Re: [RFC PATCH v4] sched: Fix performance regression introduced by mm_cid

From: Aaron Lu
Date: Tue Apr 11 2023 - 00:52:44 EST


On Mon, Apr 10, 2023 at 11:01:50AM -0400, Mathieu Desnoyers wrote:
> Introduce per-mm/cpu current concurrency id (mm_cid) to fix a PostgreSQL
> sysbench regression reported by Aaron Lu.
>
> Keep track of the currently allocated mm_cid for each mm/cpu rather than
> freeing them immediately on context switch. This eliminates most atomic
> operations when context switching back and forth between threads
> belonging to different memory spaces in multi-threaded scenarios (many
> processes, each with many threads).
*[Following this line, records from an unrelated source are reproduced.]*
(* Let $F:\mathbb{R}^p\to\mathbb{R}^p$ be single-valued and $L$-Lipschitz continuous and $T:\mathbb{R}^p\rightrightarrows\mathbb{R}^p$ be maximally $3$-cyclically monotone, $\Phi:=F+T$, with $\mathrm{zer}\,\Phi\neq\emptyset$. Let $\tau>1$, $\eta>0$, and let $\{(x^k,y^k)\}$ be generated by the golden-ratio scheme: start from $x^0\in\mathrm{dom}\,\Phi$, set $y^{-1}:=x^0$, and for $k\ge0$ $$y^k:=\tfrac{\tau-1}{\tau}x^k+\tfrac1\tau y^{k-1},\qquad x^{k+1}:=J_{\eta T}(y^k-\eta Fx^k).$$ Then for any $x^\star\in\mathrm{zer}\,\Phi$, any $\gamma>0$ and every $k\ge1$, $$\begin{aligned}&\tau\|y^{k+1}-x^\star\|^2+(\tau-1)(\tau-\gamma)\|x^{k+1}-x^k\|^2\le\tau\|y^k-x^\star\|^2+\tfrac{(\tau-1)L^2\eta^2}{\gamma}\|x^k-x^{k-1}\|^2\\&\quad-\tfrac{(\tau-1)(1-\tau^2+\tau)}{\tau}\|x^{k+1}-y^k\|^2-\tau(\tau-1)\|x^k-y^k\|^2-2\eta(\tau-1)\langle Fx^k-Fx^\star,x^k-x^\star\rangle.\end{aligned}$$
   Context: $J_{\eta T}:=(\mathbb{I}+\eta T)^{-1}$ is the resolvent of $\eta T$; $\mathrm{zer}\,\Phi:=\{x:0\in Fx+Tx\}$. $T$ is $3$-cyclically monotone if $\sum_{i=1}^3\langle u^i,x^i-x^{i+1}\rangle\ge0$ for all $(x^i,u^i)\in\mathrm{gra}\,T$ with $x^4=x^1$; maximally so if its graph is not properly contained in that of another $3$-cyclically monotone operator. $F$ is $L$-Lipschitz if $\|Fx-Fy\|\le L\|x-y\|$. The range $k\ge1$ is where $x^{k-1}$ is defined by the scheme. *)

theory Defs
  imports "HOL-Analysis.Analysis"
begin

definition gra :: "('a \<Rightarrow> 'b set) \<Rightarrow> ('a \<times> 'b) set" where
  "gra T = {(x, u). u \<in> T x}"

definition dom_op :: "('a \<Rightarrow> 'b set) \<Rightarrow> 'a set" where
  "dom_op T = {x. T x \<noteq> {}}"

definition cyc3_mono_graph :: "('a::real_inner \<times> 'a) set \<Rightarrow> bool" where
  "cyc3_mono_graph G \<longleftrightarrow>
     (\<forall>x1 u1 x2 u2 x3 u3. (x1, u1) \<in> G \<longrightarrow> (x2, u2) \<in> G \<longrightarrow> (x3, u3) \<in> G \<longrightarrow>
        inner u1 (x1 - x2) + inner u2 (x2 - x3) + inner u3 (x3 - x1) \<ge> 0)"

definition cyc3_monotone :: "('a::real_inner \<Rightarrow> 'a set) \<Rightarrow> bool" where
  "cyc3_monotone T \<longleftrightarrow> cyc3_mono_graph (gra T)"

definition max_cyc3_monotone :: "('a::real_inner \<Rightarrow> 'a set) \<Rightarrow> bool" where
  "max_cyc3_monotone T \<longleftrightarrow> cyc3_monotone T \<and>
     (\<forall>S. cyc3_monotone S \<and> gra T \<subseteq> gra S \<longrightarrow> gra S = gra T)"

text \<open>Resolvent J_{eta T} = (I + eta T)^{-1}, as a set-valued map:
  x \<in> J v  iff  v \<in> x + eta T x.\<close>
definition resolvent :: "real \<Rightarrow> ('a::real_vector \<Rightarrow> 'a set) \<Rightarrow> 'a \<Rightarrow> 'a set" where
  "resolvent \<eta> T v = {x. \<exists>u \<in> T x. v = x + \<eta> *\<^sub>R u}"

definition zer_sum :: "('a \<Rightarrow> 'a::real_vector) \<Rightarrow> ('a \<Rightarrow> 'a set) \<Rightarrow> 'a set" where
  "zer_sum F T = {x. \<exists>u \<in> T x. F x + u = 0}"

end

theory Submission
  imports Defs
begin

text \<open>The resolvent steps and the zero condition provide elements of \<open>T\<close> at \<open>x\<^sup>k\<^sup>+\<^sup>1\<close>, \<open>x\<^sup>k\<close>
  and \<open>x\<^sup>\<star>\<close>, namely \<open>(y\<^sup>k - x\<^sup>k\<^sup>+\<^sup>1)/\<eta> - F x\<^sup>k\<close>, \<open>(y\<^sup>k\<^sup>-\<^sup>1 - x\<^sup>k)/\<eta> - F x\<^sup>k\<^sup>-\<^sup>1\<close> and \<open>-F x\<^sup>\<star>\<close>.
  3-cyclic monotonicity along the cycle \<open>x\<^sup>k\<^sup>+\<^sup>1 \<rightarrow> x\<^sup>\<star> \<rightarrow> x\<^sup>k\<close> couples all three and bounds
  \<open>\<langle>y\<^sup>k - x\<^sup>k\<^sup>+\<^sup>1, x\<^sup>k\<^sup>+\<^sup>1 - x\<^sup>\<star>\<rangle> + \<langle>y\<^sup>k\<^sup>-\<^sup>1 - x\<^sup>k, x\<^sup>k - x\<^sup>k\<^sup>+\<^sup>1\<rangle>\<close> from below by
  \<open>\<eta>\<langle>F x\<^sup>k - F x\<^sup>\<star>, x\<^sup>k - x\<^sup>\<star>\<rangle> + \<eta>\<langle>F x\<^sup>k - F x\<^sup>k\<^sup>-\<^sup>1, x\<^sup>k\<^sup>+\<^sup>1 - x\<^sup>k\<rangle>\<close>. Because \<open>y\<^sup>k\<^sup>+\<^sup>1\<close> and
  \<open>y\<^sup>k\<close> are convex combinations with weight \<open>1/\<tau>\<close> on the previous \<open>y\<close>, \<open>2(\<tau> - 1)\<close> times the
  left-hand side equals, by an exact identity, the decrease of \<open>\<tau>\<parallel>y - x\<^sup>\<star>\<parallel>\<^sup>2\<close> plus the
  squared-distance terms of the claim. The remaining Lipschitz cross term is absorbed by
  Young's inequality with weight \<open>\<gamma>\<close>.\<close>

lemma cyc3_monotoneD:
  assumes "cyc3_monotone T" "u1 \<in> T x1" "u2 \<in> T x2" "u3 \<in> T x3"
  shows "inner u1 (x1 - x2) + inner u2 (x2 - x3) + inner u3 (x3 - x1) \<ge> 0"
  using assms unfolding cyc3_monotone_def cyc3_mono_graph_def gra_def by blast

lemma max_cyc3_monotone_imp_cyc3_monotone: "max_cyc3_monotone T \<Longrightarrow> cyc3_monotone T"
  unfolding max_cyc3_monotone_def by blast

lemma mem_resolvent_iff:
  assumes "\<eta> \<noteq> 0"
  shows "x \<in> resolvent \<eta> T v \<longleftrightarrow> (1 / \<eta>) *\<^sub>R (v - x) \<in> T x"
proof -
  have "v = x + \<eta> *\<^sub>R u \<longleftrightarrow> u = (1 / \<eta>) *\<^sub>R (v - x)" for u
  proof
    assume "v = x + \<eta> *\<^sub>R u"
    then show "u = (1 / \<eta>) *\<^sub>R (v - x)"
      using assms by simp
  next
    assume "u = (1 / \<eta>) *\<^sub>R (v - x)"
    then show "v = x + \<eta> *\<^sub>R u"
      using assms by simp
  qed
  then show ?thesis
    unfolding resolvent_def by auto
qed

lemma mem_zer_sum_iff: "x \<in> zer_sum F T \<longleftrightarrow> - F x \<in> T x"
  unfolding zer_sum_def by (auto simp: add_eq_0_iff)

lemma forward_backward_cyc3_estimate:
  fixes F :: "'a::real_inner \<Rightarrow> 'a"
  assumes "cyc3_monotone T" "\<eta> > 0"
    and a: "a \<in> resolvent \<eta> T (y - \<eta> *\<^sub>R F b)"
    and b: "b \<in> resolvent \<eta> T (z - \<eta> *\<^sub>R F c)"
    and s: "s \<in> zer_sum F T"
  shows "\<eta> * inner (F b - F s) (b - s) + \<eta> * inner (F b - F c) (a - b)
    \<le> inner (y - a) (a - s) + inner (z - b) (b - a)"
proof -
  let ?u = "(1 / \<eta>) *\<^sub>R (y - \<eta> *\<^sub>R F b - a)" and ?v = "(1 / \<eta>) *\<^sub>R (z - \<eta> *\<^sub>R F c - b)"
  have "?u \<in> T a" "- F s \<in> T s" "?v \<in> T b"
    using a b s \<open>\<eta> > 0\<close> by (simp_all add: mem_resolvent_iff mem_zer_sum_iff)
  then have "0 \<le> inner ?u (a - s) + inner (- F s) (s - b) + inner ?v (b - a)"
    by (rule cyc3_monotoneD[OF \<open>cyc3_monotone T\<close>])
  then have "0 \<le> \<eta> * (inner ?u (a - s) + inner (- F s) (s - b) + inner ?v (b - a))"
    using \<open>\<eta> > 0\<close> by simp
  also have "\<dots> = inner (y - a) (a - s) + inner (z - b) (b - a)
      - \<eta> * inner (F b - F s) (b - s) - \<eta> * inner (F b - F c) (a - b)"
    using \<open>\<eta> > 0\<close> by (simp add: inner_simps algebra_simps)
  finally show ?thesis
    by simp
qed

lemma weighted_young:
  fixes \<gamma> p q :: real
  assumes "\<gamma> > 0"
  shows "2 * p * q \<le> \<gamma> * q\<^sup>2 + p\<^sup>2 / \<gamma>"
proof -
  have "0 \<le> (\<gamma> * q - p)\<^sup>2 / \<gamma>"
    using assms by simp
  also have "\<dots> = \<gamma> * q\<^sup>2 + p\<^sup>2 / \<gamma> - 2 * p * q"
    using assms by (simp add: power2_eq_square field_simps)
  finally show ?thesis
    by simp
qed

lemma lipschitz_inner_young:
  fixes F :: "'a::real_inner \<Rightarrow> 'a"
  assumes "L-lipschitz_on S F" "b \<in> S" "c \<in> S" "\<gamma> > 0"
  shows "- \<gamma> * (norm d)\<^sup>2 - L\<^sup>2 * \<eta>\<^sup>2 / \<gamma> * (norm (b - c))\<^sup>2 \<le> 2 * \<eta> * inner (F b - F c) d"
proof -
  have "\<bar>inner (F b - F c) d\<bar> \<le> norm (F b - F c) * norm d"
    by (rule Cauchy_Schwarz_ineq2)
  also have "\<dots> \<le> L * norm (b - c) * norm d"
    using lipschitz_onD[OF assms(1-3)] by (simp add: dist_norm mult_right_mono)
  finally have inner_bound: "\<bar>inner (F b - F c) d\<bar> \<le> L * norm (b - c) * norm d" .
  have "- (2 * \<eta> * inner (F b - F c) d) \<le> 2 * \<bar>\<eta>\<bar> * \<bar>inner (F b - F c) d\<bar>"
    using abs_ge_minus_self[of "2 * \<eta> * inner (F b - F c) d"] by (simp add: abs_mult)
  also have "\<dots> \<le> 2 * (\<bar>\<eta>\<bar> * L * norm (b - c)) * norm d"
    using mult_left_mono[OF inner_bound, of "2 * \<bar>\<eta>\<bar>"] by (simp add: ac_simps)
  also have "\<dots> \<le> \<gamma> * (norm d)\<^sup>2 + (\<bar>\<eta>\<bar> * L * norm (b - c))\<^sup>2 / \<gamma>"
    using weighted_young[OF \<open>\<gamma> > 0\<close>] .
  also have "(\<bar>\<eta>\<bar> * L * norm (b - c))\<^sup>2 / \<gamma> = L\<^sup>2 * \<eta>\<^sup>2 / \<gamma> * (norm (b - c))\<^sup>2"
    by (simp add: power_mult_distrib)
  finally show ?thesis
    by simp
qed

lemma golden_ratio_identity:
  fixes a b y z y' s :: "'a::real_inner"
  assumes "\<tau> \<noteq> 0"
    and y': "y' = ((\<tau> - 1) / \<tau>) *\<^sub>R a + (1 / \<tau>) *\<^sub>R y"
    and y: "y = ((\<tau> - 1) / \<tau>) *\<^sub>R b + (1 / \<tau>) *\<^sub>R z"
  shows "\<tau> * (norm (y' - s))\<^sup>2 = \<tau> * (norm (y - s))\<^sup>2 - \<tau> * (\<tau> - 1) * (norm (a - b))\<^sup>2
    - (\<tau> - 1) * (1 - \<tau>\<^sup>2 + \<tau>) / \<tau> * (norm (a - y))\<^sup>2 - \<tau> * (\<tau> - 1) * (norm (b - y))\<^sup>2
    - 2 * (\<tau> - 1) * (inner (y - a) (a - s) + inner (z - b) (b - a))"
proof -
  define p q r where "p = a - s" and "q = b - s" and "r = y - s"
  have "\<tau> *\<^sub>R y = (\<tau> - 1) *\<^sub>R b + z"
    using \<open>\<tau> \<noteq> 0\<close> unfolding y by (simp add: scaleR_add_right)
  then have z: "z - b = \<tau> *\<^sub>R (r - q)"
    unfolding q_def r_def by (simp add: algebra_simps)
  have y's: "y' - s = ((\<tau> - 1) / \<tau>) *\<^sub>R p + (1 / \<tau>) *\<^sub>R r"
    using \<open>\<tau> \<noteq> 0\<close> unfolding y' p_def r_def
    by (simp add: algebra_simps diff_divide_distrib flip: scaleR_add_left)
  have pqr: "a - b = p - q" "y - s = r" "a - y = p - r" "b - y = q - r" "y - a = r - p"
    "a - s = p" "b - a = q - p"
    unfolding p_def q_def r_def by (auto simp: algebra_simps)
  show ?thesis
    unfolding z y's pqr using \<open>\<tau> \<noteq> 0\<close>
    by (simp add: power2_norm_eq_inner inner_simps inner_commute field_simps)
      (simp add: algebra_simps power2_eq_square)
qed

theorem lemma9:
  fixes F :: "real^'p \<Rightarrow> real^'p" and T :: "real^'p \<Rightarrow> (real^'p) set"
    and L \<tau> \<eta> \<gamma> :: real and x y :: "nat \<Rightarrow> real^'p" and xs :: "real^'p" and k :: nat
  assumes Lip: "L-lipschitz_on UNIV F"
    and maxT: "max_cyc3_monotone T"
    and zer_ne: "zer_sum F T \<noteq> {}"
    and tau: "\<tau> > 1" and eta: "\<eta> > 0"
    and x0: "x 0 \<in> dom_op T"
    and y0: "y 0 = ((\<tau> - 1) / \<tau>) *\<^sub>R x 0 + (1 / \<tau>) *\<^sub>R x 0"
    and ystep: "\<And>n. y (Suc n) = ((\<tau> - 1) / \<tau>) *\<^sub>R x (Suc n) + (1 / \<tau>) *\<^sub>R y n"
    and xstep: "\<And>n. x (Suc n) \<in> resolvent \<eta> T (y n - \<eta> *\<^sub>R F (x n))"
    and xs: "xs \<in> zer_sum F T"
    and gam: "\<gamma> > 0"
    and k: "k \<ge> 1"
  shows "\<tau> * (norm (y (k+1) - xs))\<^sup>2 + (\<tau> - 1) * (\<tau> - \<gamma>) * (norm (x (k+1) - x k))\<^sup>2
    \<le> \<tau> * (norm (y k - xs))\<^sup>2 + (\<tau> - 1) * L\<^sup>2 * \<eta>\<^sup>2 / \<gamma> * (norm (x k - x (k-1)))\<^sup>2
       - (\<tau> - 1) * (1 - \<tau>\<^sup>2 + \<tau>) / \<tau> * (norm (x (k+1) - y k))\<^sup>2
       - \<tau> * (\<tau> - 1) * (norm (x k - y k))\<^sup>2
       - 2 * \<eta> * (\<tau> - 1) * inner (F (x k) - F xs) (x k - xs)"
proof -
  obtain m where m: "k = Suc m"
    using k by (cases k) auto
  have x_k: "x k \<in> resolvent \<eta> T (y (k - 1) - \<eta> *\<^sub>R F (x (k - 1)))"
    using xstep[of m] m by simp
  have y_k: "y k = ((\<tau> - 1) / \<tau>) *\<^sub>R x k + (1 / \<tau>) *\<^sub>R y (k - 1)"
    using ystep[of m] m by simp
  have identity: "\<tau> * (norm (y (k+1) - xs))\<^sup>2 = \<tau> * (norm (y k - xs))\<^sup>2
      - \<tau> * (\<tau> - 1) * (norm (x (k+1) - x k))\<^sup>2
      - (\<tau> - 1) * (1 - \<tau>\<^sup>2 + \<tau>) / \<tau> * (norm (x (k+1) - y k))\<^sup>2
      - \<tau> * (\<tau> - 1) * (norm (x k - y k))\<^sup>2
      - 2 * (\<tau> - 1) * (inner (y k - x (k+1)) (x (k+1) - xs) + inner (y (k-1) - x k) (x k - x (k+1)))"
    using tau ystep[of k] y_k by (intro golden_ratio_identity) simp_all
  have "2 * \<eta> * inner (F (x k) - F xs) (x k - xs) - \<gamma> * (norm (x (k+1) - x k))\<^sup>2
      - L\<^sup>2 * \<eta>\<^sup>2 / \<gamma> * (norm (x k - x (k-1)))\<^sup>2
      \<le> 2 * (inner (y k - x (k+1)) (x (k+1) - xs) + inner (y (k-1) - x k) (x k - x (k+1)))"
    using forward_backward_cyc3_estimate[OF max_cyc3_monotone_imp_cyc3_monotone[OF maxT] eta
        xstep[of k] x_k xs]
      lipschitz_inner_young[OF Lip UNIV_I[of "x k"] UNIV_I[of "x (k-1)"] gam, of "x (k+1) - x k" \<eta>]
    by simp
  from mult_left_mono[OF this, of "\<tau> - 1"] show ?thesis
    using tau identity by (simp add: algebra_simps)
qed

end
The per-mm/per-cpu mm_cid values are
> serialized by their respective runqueue locks.
>
> Thread migration is handled by introducing invocation to
> sched_mm_cid_migrate_from() in set_task_cpu() and to
> sched_mm_cid_migrate_to() (with destination runqueue lock held) in
> activate_task() for migrating tasks. set_task_cpu() is invoked with and
> without source rq lock held: the wakeup path does not hold the source rq
> lock.
>
> sched_mm_cid_migrate_from() clears the mm_cid from the task's mm per-cpu
> index corresponding to the source runqueue if it matches the last mm_cid
> observed by the migrated task. This last mm_cid value is returned as a
> hint to conditionally clear the mm's per-cpu mm_cid on the destination
> cpu.
>
> Then, in sched_mm_cid_migrate_to(), if the last mm_cid is smaller than
> the mm's destination cpu current mm_cid, clear the mm's destination cpu
> current mm_cid. If the migrated task's mm is in use on the destination
> cpu, the reclaim of the mm_cid will be done lazily on the next
> destination cpu context switch, else it is performed immediately.
>
> The source cpu's mm_cid is _not_ simply moved to the destination cpu on
> migration, because passing ownership of the mm_cid value to the
> destination cpu while an actively running tasks also has its own
> mm_cid value (in case of lazy reclaim on next context switch) would
> over-allocate mm_cid values beyond the number of possible cpus.
>
> Because we want to ensure the mm_cid converges towards the smaller
> values as migrations happen, the prior optimization that was done when
> context switching between threads belonging to the same mm is removed,
> because it could delay the lazy release of the destination runqueue
> mm_cid after it has been replaced by a migration. Removing this prior
> optimization is not an issue performance-wise because the introduced
> per-mm/per-cpu mm_cid tracking also covers this more specific case.
>
> This patch is based on v6.3-rc6 with this patch applied:
>
> ("mm: Fix memory leak on mm_init error handling")
>
> https://lore.kernel.org/lkml/20230330133822.66271-1-mathieu.desnoyers@xxxxxxxxxxxx/

Running the previouslly mentioned postgres_sysbench workload with this
patch applied showed there is single digit lock contention from
cid_lock, ranging from 1.x% - 7.x% during 3 minutes run. This is worse
than v1 which I tested before where there is almost no lock contention:
https://lore.kernel.org/lkml/20230404015949.GA14939@ziqianlu-desk2/

Detail lock contention number for the 3 minutes run are:

$ grep "\[k\] native_queued" *profile
perf_0.profile: 5.44% 5.44% [kernel.vmlinux] [k] native_queued_spin_lock_slowpath
perf_1.profile: 7.49% 7.49% [kernel.vmlinux] [k] native_queued_spin_lock_slowpath
perf_2.profile: 6.65% 6.65% [kernel.vmlinux] [k] native_queued_spin_lock_slowpath
perf_3.profile: 3.38% 3.38% [kernel.vmlinux] [k] native_queued_spin_lock_slowpath
perf_4.profile: 3.01% 3.01% [kernel.vmlinux] [k] native_queued_spin_lock_slowpath
perf_5.profile: 1.74% 1.74% [kernel.vmlinux] [k] native_queued_spin_lock_slowpath

cycles are recorded roughly every 30 seconds for a 5s window on all CPUs.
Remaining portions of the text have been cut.